* [What the exercise asks]: Under this line are the records; write out word for word the part that begins at the line containing "by (simp add: mul_word_freered" and ends at the line containing "text \<open>If appending", and no more.

[Saved data entries]
==============================
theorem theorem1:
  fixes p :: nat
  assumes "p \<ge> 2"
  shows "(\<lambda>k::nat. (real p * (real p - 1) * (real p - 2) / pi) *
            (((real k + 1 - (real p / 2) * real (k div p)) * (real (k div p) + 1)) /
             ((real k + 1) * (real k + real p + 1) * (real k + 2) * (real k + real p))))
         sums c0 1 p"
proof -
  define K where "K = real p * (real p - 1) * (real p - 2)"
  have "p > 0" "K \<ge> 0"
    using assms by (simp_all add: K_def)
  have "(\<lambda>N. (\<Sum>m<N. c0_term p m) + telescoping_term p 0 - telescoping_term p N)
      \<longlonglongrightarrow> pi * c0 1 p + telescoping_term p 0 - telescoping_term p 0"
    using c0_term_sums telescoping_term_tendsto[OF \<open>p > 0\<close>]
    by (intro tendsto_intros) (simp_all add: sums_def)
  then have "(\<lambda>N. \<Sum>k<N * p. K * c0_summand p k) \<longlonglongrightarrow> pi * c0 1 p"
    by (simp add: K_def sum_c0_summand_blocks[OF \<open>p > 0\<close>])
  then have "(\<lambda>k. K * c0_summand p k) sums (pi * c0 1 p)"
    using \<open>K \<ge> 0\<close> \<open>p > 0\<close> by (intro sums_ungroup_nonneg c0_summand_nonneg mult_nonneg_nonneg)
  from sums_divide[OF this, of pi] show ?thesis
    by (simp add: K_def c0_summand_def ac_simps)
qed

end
==============================
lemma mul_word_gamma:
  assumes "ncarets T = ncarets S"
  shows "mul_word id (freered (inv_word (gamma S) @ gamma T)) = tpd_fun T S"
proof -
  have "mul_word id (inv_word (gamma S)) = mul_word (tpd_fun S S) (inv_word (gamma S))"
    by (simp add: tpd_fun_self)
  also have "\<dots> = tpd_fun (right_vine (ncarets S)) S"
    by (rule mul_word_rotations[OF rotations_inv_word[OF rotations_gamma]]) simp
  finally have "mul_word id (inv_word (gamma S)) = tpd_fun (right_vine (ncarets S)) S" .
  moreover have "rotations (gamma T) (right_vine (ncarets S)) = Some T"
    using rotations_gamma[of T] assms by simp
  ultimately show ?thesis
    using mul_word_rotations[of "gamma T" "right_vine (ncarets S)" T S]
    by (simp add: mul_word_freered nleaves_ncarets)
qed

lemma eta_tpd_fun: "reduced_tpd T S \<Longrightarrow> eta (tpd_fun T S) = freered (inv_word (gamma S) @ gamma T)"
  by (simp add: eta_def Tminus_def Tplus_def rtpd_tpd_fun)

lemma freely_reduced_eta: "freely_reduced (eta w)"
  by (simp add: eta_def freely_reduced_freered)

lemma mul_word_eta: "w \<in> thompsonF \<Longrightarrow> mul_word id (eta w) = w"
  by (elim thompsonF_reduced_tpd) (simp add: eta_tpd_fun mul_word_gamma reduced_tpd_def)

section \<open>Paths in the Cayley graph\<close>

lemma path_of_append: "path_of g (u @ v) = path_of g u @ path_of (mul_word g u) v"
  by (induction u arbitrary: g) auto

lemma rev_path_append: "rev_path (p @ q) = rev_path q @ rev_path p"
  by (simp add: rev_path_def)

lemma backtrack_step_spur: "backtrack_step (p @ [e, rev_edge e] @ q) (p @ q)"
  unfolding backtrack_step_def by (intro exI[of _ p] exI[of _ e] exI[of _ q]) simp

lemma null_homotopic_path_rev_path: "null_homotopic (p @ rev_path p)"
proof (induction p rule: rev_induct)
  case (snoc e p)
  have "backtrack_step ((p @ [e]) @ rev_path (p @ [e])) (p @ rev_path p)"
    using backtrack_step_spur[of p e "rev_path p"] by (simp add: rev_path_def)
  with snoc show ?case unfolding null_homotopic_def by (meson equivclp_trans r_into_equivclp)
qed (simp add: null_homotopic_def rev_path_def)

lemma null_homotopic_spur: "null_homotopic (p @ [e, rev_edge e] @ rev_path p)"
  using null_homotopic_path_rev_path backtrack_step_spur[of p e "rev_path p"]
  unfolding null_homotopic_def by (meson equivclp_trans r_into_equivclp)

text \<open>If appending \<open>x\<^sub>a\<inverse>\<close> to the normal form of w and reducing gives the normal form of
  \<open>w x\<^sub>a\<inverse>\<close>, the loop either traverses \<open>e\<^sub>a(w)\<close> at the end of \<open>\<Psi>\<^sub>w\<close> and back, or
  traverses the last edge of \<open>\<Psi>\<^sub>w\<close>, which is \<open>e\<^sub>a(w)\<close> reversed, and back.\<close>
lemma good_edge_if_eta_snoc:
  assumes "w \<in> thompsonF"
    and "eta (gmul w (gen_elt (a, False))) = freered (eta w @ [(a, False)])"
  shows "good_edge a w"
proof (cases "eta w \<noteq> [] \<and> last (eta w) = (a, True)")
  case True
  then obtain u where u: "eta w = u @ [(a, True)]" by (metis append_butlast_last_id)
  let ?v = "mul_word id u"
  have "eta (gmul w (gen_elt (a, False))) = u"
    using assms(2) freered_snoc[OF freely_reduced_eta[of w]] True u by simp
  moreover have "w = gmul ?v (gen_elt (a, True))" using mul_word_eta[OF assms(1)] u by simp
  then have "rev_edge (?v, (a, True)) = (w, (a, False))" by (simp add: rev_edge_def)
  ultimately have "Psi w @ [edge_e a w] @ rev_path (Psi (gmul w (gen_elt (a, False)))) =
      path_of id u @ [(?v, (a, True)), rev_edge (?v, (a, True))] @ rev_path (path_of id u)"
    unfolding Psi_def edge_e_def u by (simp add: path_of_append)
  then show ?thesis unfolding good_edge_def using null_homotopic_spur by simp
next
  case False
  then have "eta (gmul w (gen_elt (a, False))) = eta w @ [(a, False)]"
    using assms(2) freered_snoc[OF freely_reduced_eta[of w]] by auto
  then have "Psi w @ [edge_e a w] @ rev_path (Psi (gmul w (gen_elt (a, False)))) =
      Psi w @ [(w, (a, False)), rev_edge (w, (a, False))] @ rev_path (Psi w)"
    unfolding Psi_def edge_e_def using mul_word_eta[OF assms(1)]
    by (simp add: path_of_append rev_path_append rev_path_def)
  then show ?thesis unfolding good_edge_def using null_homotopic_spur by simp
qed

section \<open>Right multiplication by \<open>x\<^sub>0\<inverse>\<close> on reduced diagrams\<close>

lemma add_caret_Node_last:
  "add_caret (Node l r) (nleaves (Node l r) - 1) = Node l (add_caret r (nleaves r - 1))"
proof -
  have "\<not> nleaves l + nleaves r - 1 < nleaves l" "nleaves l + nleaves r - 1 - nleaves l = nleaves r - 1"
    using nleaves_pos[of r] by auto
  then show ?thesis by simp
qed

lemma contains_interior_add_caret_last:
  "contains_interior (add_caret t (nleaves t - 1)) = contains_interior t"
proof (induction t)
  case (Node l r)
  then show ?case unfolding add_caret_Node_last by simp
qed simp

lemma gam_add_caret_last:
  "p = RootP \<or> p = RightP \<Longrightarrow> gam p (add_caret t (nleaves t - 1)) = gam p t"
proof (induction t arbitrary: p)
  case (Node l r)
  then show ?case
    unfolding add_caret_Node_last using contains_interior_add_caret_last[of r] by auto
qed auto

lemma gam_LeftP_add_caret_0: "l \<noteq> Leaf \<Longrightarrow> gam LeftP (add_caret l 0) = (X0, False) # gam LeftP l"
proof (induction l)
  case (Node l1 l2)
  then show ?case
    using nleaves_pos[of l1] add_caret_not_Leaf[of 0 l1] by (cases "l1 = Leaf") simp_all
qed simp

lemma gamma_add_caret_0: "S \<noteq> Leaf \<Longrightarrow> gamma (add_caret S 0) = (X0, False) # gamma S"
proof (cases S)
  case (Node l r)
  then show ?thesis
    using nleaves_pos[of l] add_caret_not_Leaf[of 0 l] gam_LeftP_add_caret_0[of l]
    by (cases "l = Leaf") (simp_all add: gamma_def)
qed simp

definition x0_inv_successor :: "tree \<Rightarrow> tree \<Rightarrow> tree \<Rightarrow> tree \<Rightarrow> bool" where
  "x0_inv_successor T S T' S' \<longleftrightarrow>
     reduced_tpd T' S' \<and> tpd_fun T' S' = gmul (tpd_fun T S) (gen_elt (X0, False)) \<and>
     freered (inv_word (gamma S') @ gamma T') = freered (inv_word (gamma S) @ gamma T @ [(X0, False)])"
==============================
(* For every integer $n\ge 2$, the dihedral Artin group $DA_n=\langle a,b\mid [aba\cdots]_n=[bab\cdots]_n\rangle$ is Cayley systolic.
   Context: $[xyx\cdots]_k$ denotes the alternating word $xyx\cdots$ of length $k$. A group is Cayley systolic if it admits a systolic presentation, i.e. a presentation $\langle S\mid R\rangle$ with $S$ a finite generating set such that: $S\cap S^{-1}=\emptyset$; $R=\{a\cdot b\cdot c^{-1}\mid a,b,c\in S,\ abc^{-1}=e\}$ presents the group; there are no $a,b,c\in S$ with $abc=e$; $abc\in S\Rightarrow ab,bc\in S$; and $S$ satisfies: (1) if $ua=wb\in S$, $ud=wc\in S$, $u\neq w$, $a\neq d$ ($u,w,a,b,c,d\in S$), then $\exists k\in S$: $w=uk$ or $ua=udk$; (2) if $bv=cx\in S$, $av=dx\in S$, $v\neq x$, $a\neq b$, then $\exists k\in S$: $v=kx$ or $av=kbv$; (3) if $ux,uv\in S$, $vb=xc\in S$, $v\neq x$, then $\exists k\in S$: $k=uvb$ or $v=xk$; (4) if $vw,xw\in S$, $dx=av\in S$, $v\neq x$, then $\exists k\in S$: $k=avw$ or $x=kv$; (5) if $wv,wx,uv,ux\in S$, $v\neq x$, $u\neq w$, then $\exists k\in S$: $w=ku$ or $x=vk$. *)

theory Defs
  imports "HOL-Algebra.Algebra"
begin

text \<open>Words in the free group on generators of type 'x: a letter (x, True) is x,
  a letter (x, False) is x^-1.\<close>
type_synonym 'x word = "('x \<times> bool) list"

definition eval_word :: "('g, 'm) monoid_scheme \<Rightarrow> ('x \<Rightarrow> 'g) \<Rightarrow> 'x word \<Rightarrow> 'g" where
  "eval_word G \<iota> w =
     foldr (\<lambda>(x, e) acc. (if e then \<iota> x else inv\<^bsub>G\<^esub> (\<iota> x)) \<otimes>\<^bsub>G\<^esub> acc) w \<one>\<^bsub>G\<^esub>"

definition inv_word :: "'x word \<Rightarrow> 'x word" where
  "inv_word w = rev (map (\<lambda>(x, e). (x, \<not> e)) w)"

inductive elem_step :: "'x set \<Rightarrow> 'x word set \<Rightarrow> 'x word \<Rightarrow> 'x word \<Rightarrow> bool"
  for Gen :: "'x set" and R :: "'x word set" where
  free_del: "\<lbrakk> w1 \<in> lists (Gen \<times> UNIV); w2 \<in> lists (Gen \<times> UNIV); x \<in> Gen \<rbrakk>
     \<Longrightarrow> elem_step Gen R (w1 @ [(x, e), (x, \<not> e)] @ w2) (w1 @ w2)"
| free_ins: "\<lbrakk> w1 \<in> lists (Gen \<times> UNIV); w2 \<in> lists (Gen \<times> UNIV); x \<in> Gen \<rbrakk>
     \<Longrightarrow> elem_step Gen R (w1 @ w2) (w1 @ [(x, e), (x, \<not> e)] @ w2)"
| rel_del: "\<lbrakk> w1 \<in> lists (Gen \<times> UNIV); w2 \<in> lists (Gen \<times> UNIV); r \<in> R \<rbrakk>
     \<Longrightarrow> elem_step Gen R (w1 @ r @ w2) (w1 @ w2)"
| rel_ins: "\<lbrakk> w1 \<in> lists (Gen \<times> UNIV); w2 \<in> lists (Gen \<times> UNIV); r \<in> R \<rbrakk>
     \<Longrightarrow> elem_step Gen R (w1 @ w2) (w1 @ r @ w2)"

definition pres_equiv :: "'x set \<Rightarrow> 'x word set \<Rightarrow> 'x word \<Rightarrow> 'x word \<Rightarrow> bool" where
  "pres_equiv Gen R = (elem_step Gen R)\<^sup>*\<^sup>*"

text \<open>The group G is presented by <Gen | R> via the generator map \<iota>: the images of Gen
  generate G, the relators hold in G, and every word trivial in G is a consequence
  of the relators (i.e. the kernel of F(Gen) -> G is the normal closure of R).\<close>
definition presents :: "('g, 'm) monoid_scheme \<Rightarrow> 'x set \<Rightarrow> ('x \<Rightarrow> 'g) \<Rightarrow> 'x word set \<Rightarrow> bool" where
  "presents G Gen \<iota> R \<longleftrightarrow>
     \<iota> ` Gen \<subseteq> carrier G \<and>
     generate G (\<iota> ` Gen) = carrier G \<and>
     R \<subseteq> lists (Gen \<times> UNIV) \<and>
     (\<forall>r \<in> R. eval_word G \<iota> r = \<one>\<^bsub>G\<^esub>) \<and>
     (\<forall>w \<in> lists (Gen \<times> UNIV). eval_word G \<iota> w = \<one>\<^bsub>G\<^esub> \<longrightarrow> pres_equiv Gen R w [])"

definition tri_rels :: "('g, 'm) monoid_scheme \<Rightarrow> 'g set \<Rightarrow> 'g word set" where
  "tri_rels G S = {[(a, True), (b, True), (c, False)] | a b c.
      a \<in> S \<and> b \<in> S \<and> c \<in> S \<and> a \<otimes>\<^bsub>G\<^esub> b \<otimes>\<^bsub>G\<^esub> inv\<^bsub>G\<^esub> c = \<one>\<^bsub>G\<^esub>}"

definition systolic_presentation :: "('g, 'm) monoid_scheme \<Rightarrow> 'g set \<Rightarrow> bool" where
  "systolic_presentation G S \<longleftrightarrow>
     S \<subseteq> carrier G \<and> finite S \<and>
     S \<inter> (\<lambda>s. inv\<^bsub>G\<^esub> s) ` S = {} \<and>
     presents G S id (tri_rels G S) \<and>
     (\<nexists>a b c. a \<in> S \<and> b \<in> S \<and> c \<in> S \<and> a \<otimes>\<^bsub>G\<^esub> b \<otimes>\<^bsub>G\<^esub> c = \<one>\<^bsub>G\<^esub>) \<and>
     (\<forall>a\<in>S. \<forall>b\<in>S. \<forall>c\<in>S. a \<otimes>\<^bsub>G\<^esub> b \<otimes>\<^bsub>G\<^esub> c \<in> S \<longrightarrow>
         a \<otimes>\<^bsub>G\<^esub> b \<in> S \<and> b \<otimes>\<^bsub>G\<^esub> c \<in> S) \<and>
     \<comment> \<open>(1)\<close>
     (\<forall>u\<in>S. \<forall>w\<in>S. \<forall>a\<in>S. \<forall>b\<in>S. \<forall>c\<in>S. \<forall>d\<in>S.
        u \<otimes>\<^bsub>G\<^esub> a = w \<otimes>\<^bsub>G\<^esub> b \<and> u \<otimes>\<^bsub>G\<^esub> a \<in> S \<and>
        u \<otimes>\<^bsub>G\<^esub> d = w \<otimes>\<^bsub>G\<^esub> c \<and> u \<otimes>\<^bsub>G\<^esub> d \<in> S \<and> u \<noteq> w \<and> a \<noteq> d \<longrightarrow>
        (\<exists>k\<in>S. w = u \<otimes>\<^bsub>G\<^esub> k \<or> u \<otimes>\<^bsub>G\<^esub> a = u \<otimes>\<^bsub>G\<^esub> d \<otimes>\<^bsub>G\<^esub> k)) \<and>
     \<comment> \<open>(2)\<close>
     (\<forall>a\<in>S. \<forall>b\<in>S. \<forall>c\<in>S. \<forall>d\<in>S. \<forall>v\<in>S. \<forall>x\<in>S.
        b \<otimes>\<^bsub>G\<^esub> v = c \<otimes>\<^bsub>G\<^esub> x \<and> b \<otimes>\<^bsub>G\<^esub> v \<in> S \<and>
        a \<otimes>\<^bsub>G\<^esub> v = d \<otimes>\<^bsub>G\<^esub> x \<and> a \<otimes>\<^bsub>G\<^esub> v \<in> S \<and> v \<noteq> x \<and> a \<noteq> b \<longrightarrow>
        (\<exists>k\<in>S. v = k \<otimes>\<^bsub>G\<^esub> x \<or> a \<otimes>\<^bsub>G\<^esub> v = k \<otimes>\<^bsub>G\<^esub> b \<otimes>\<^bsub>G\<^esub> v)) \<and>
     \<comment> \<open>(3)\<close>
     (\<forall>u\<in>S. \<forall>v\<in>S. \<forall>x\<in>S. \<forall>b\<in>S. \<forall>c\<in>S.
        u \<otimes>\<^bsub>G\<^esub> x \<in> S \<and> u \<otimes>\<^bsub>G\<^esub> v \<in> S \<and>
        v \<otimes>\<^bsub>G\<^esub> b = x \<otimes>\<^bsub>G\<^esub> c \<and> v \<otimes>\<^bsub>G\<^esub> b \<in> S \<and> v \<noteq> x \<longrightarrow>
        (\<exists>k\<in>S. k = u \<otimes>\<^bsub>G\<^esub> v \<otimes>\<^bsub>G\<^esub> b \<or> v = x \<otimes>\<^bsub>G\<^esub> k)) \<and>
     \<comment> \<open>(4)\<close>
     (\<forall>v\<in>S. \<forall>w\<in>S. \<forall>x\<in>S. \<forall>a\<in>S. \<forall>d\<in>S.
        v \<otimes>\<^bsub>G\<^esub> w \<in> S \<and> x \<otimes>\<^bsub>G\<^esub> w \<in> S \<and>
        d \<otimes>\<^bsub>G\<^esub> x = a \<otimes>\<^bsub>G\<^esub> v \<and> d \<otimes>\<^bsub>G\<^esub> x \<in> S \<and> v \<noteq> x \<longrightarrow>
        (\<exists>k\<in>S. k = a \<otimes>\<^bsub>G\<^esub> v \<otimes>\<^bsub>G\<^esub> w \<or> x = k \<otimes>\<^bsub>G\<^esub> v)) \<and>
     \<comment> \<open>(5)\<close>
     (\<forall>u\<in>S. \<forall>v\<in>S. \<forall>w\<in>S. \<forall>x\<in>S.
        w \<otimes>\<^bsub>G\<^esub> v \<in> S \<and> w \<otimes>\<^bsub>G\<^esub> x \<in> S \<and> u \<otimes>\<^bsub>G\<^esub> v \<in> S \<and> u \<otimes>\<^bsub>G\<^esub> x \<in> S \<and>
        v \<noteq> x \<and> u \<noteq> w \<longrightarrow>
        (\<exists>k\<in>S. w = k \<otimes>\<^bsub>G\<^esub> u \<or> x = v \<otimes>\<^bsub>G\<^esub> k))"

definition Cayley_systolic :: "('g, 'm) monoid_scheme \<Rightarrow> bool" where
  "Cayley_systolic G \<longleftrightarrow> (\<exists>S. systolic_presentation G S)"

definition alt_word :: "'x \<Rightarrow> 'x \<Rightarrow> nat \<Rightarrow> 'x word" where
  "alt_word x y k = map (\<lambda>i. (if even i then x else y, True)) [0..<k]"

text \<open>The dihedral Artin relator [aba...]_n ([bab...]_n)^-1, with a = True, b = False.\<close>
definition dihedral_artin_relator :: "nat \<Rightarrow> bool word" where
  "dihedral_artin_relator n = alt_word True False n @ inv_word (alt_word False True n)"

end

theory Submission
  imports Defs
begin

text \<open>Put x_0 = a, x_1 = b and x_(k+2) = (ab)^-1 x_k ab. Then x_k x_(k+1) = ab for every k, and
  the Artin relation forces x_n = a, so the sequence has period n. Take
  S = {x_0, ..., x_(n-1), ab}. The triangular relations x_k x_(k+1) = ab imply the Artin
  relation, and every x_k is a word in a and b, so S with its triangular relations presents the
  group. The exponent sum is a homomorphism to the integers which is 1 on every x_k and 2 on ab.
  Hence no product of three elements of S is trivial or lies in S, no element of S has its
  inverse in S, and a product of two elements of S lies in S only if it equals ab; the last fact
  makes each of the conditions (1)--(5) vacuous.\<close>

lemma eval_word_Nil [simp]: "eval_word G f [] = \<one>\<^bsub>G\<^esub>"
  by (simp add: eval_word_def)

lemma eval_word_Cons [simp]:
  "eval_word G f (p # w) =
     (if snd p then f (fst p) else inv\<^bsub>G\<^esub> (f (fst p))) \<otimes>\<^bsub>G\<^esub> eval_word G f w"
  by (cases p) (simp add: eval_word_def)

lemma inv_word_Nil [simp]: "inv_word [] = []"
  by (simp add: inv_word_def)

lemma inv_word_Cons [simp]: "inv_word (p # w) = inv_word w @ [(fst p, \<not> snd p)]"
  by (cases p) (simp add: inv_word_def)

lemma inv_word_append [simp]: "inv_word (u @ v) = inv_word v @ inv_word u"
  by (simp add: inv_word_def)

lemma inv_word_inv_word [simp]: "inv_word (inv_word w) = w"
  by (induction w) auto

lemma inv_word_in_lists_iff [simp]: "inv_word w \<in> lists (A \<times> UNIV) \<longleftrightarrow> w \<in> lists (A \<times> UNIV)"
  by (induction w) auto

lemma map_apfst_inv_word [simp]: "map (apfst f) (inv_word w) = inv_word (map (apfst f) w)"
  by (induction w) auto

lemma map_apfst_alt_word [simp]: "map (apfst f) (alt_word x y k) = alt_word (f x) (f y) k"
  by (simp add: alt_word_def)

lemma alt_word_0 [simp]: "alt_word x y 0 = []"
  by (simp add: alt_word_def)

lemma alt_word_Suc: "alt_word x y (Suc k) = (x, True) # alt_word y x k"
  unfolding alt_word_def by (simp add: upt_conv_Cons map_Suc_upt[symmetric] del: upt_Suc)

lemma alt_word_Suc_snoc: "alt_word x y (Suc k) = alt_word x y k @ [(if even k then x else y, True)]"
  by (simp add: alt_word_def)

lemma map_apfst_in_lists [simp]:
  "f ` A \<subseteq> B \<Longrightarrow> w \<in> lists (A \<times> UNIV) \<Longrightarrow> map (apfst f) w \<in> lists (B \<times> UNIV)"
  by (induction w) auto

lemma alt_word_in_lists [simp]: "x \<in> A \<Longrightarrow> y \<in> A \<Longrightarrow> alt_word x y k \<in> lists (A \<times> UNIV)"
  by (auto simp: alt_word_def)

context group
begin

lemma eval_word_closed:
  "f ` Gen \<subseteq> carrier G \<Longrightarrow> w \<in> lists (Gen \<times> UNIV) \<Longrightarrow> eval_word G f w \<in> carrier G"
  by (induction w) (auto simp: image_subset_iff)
==============================
* [Completed exercise]:
    by (simp add: mul_word_freered nleaves_ncarets)
qed

lemma eta_tpd_fun: "reduced_tpd T S \<Longrightarrow> eta (tpd_fun T S) = freered (inv_word (gamma S) @ gamma T)"
  by (simp add: eta_def Tminus_def Tplus_def rtpd_tpd_fun)

lemma freely_reduced_eta: "freely_reduced (eta w)"
  by (simp add: eta_def freely_reduced_freered)

lemma mul_word_eta: "w \<in> thompsonF \<Longrightarrow> mul_word id (eta w) = w"
  by (elim thompsonF_reduced_tpd) (simp add: eta_tpd_fun mul_word_gamma reduced_tpd_def)

section \<open>Paths in the Cayley graph\<close>

lemma path_of_append: "path_of g (u @ v) = path_of g u @ path_of (mul_word g u) v"
  by (induction u arbitrary: g) auto

lemma rev_path_append: "rev_path (p @ q) = rev_path q @ rev_path p"
  by (simp add: rev_path_def)

lemma backtrack_step_spur: "backtrack_step (p @ [e, rev_edge e] @ q) (p @ q)"
  unfolding backtrack_step_def by (intro exI[of _ p] exI[of _ e] exI[of _ q]) simp

lemma null_homotopic_path_rev_path: "null_homotopic (p @ rev_path p)"
proof (induction p rule: rev_induct)
  case (snoc e p)
  have "backtrack_step ((p @ [e]) @ rev_path (p @ [e])) (p @ rev_path p)"
    using backtrack_step_spur[of p e "rev_path p"] by (simp add: rev_path_def)
  with snoc show ?case unfolding null_homotopic_def by (meson equivclp_trans r_into_equivclp)
qed (simp add: null_homotopic_def rev_path_def)

lemma null_homotopic_spur: "null_homotopic (p @ [e, rev_edge e] @ rev_path p)"
  using null_homotopic_path_rev_path backtrack_step_spur[of p e "rev_path p"]
  unfolding null_homotopic_def by (meson equivclp_trans r_into_equivclp)

text \<open>If appending \<open>x\<^sub>a\<inverse>\<close> to the normal form of w and reducing gives the normal form of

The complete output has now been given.